Ammonia-Oxidizing Bacteria Rather Than Archaea Dominantly Contribute to Nitrification in an Agricultural Soil Under Contrasting N Sources.

The first and often rate-limiting step of autotrophic nitrification is carried out by ammonia oxidizing bacteria (AOB) and ammonia oxidizing archaea (AOA).The response of AOA and AOB populations to organic and conventional N fertilization, and their relative contributions to nitrification activity were investigated in an agricultural soil planted to silage corn. Our goal is to determine the effects of conventional and organic N management on nitrification and ammonia oxidizers in this agricultural soil over multiple years. The effects of N source were compared using a randomized block design with 4 treatments, control (no additional N), ammonium sulfate (AS100 & 200 kg N ha^-1), and compost (200 kg total N ha^-1) over 3 years. Ammonia oxidizers were examined using DNA extracted from the soil and quantification of the gene (amoA) encoding one sub-unit of the ammonia monooxygenase enzyme.
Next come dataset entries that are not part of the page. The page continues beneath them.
(* Fix integers $p\ge 3$, $q\ge 1$ and a real $\eta$ with $0<\eta<\frac{1}{7p^5q}$. For all sufficiently large $n$ the following holds for the graph $G$ described in the context: $G$ admits a vertex partition $V(G)=V_1\cup\cdots\cup V_p$ with $\sum_{i=1}^p e(V_i)\le \eta^3n^2$; moreover, for every vertex partition $V(G)=V_1\cup\cdots\cup V_p$ with $\sum_{i=1}^p e(V_i)\le \eta^3n^2$, we have $\big||V_i|-\frac{n}{p}\big|\le \eta n$ for each $i\in[p]$.
   Context: $B_{p,q}=K_p\nabla qK_1$ is the join of a clique $K_p$ and an independent set of $q$ vertices. $\mathcal{G}(n,p,q)$ is the set of $n$-vertex graphs with chromatic number greater than $p$ that contain no subgraph isomorphic to $B_{p,q}$ and have the maximum number of edges among all such graphs. $G$ is a graph in $\mathcal{G}(n,p,q)$ whose minimum degree $\delta(G)$ equals $\min_{F\in\mathcal{G}(n,p,q)}\delta(F)$. For $U\subseteq V(G)$, $e(U)$ is the number of edges of $G$ with both ends in $U$; $[p]=\{1,\dots,p\}$. *)

theory Defs
  imports Complex_Main
begin

definition simple_graph :: "nat \<Rightarrow> nat set set \<Rightarrow> bool" where
  "simple_graph n E \<longleftrightarrow> E \<subseteq> {{u, v} | u v. u \<noteq> v \<and> u < n \<and> v < n}"

definition colorable :: "nat \<Rightarrow> nat set set \<Rightarrow> nat \<Rightarrow> bool" where
  "colorable n E k \<longleftrightarrow> (\<exists>c :: nat \<Rightarrow> nat. (\<forall>v<n. c v < k) \<and>
      (\<forall>u v. {u, v} \<in> E \<and> u \<noteq> v \<longrightarrow> c u \<noteq> c v))"

definition chromatic_number :: "nat \<Rightarrow> nat set set \<Rightarrow> nat" where
  "chromatic_number n E = (LEAST k. colorable n E k)"

definition contains_subgraph :: "nat \<Rightarrow> nat set set \<Rightarrow> nat \<Rightarrow> nat set set \<Rightarrow> bool" where
  "contains_subgraph n E m H \<longleftrightarrow> (\<exists>f :: nat \<Rightarrow> nat. inj_on f {..<m} \<and> f ` {..<m} \<subseteq> {..<n} \<and>
      (\<forall>e\<in>H. f ` e \<in> E))"

text \<open>B_{p,q} = K_p join (q K_1), on vertex set {..<p+q}: vertices < p form the clique,
  vertices p..p+q-1 form the independent set.\<close>
definition B_graph :: "nat \<Rightarrow> nat \<Rightarrow> nat set set" where
  "B_graph p q = {{i, j} | i j. i \<noteq> j \<and> i < p \<and> j < p + q}"

definition admissible :: "nat \<Rightarrow> nat \<Rightarrow> nat \<Rightarrow> nat set set \<Rightarrow> bool" where
  "admissible n p q E \<longleftrightarrow> simple_graph n E \<and> chromatic_number n E > p \<and>
      \<not> contains_subgraph n E (p + q) (B_graph p q)"

definition extremal_family :: "nat \<Rightarrow> nat \<Rightarrow> nat \<Rightarrow> nat set set set" where
  "extremal_family n p q = {E. admissible n p q E \<and>
      (\<forall>F. admissible n p q F \<longrightarrow> card F \<le> card E)}"

definition degree :: "nat set set \<Rightarrow> nat \<Rightarrow> nat" where
  "degree E v = card {u. {u, v} \<in> E}"

definition min_degree :: "nat \<Rightarrow> nat set set \<Rightarrow> nat" where
  "min_degree n E = Min (degree E ` {..<n})"

definition edges_in :: "nat set set \<Rightarrow> nat set \<Rightarrow> nat" where
  "edges_in E U = card {e \<in> E. e \<subseteq> U}"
Quantification of amoA with real-time PCR revealed that ammonia oxidizing archaea (AOA) had similar abundance in the differently treated soils and were more abundant than ammonia oxidation bacteria (AOB). In contrast, the AOB populations were strongly affected by the different N treatments, and AOB amoA copy numbers significantly correlated with nitrification potential rates. Studies using specific inhibitors of ammonia oxidation further indicated that AOB dominated the nitrification potential activity in both AS and compost treated soils. The recovery of nitrification potential (RNP) after acetylene inactivation in the presence and absence of bacterial protein synthesis inhibitors suggests that AOB are responsible for approximately 69-76%of nitrifying activity in N treated soils. The soil slurry approach with or without 1-octyne also indicates that AOB contribute approximately 82-91% to nitrification potential in N treated soils. Understanding the differential response of the microbial community to N sources will inform our ability to manage N more efficiently in agricultural systems.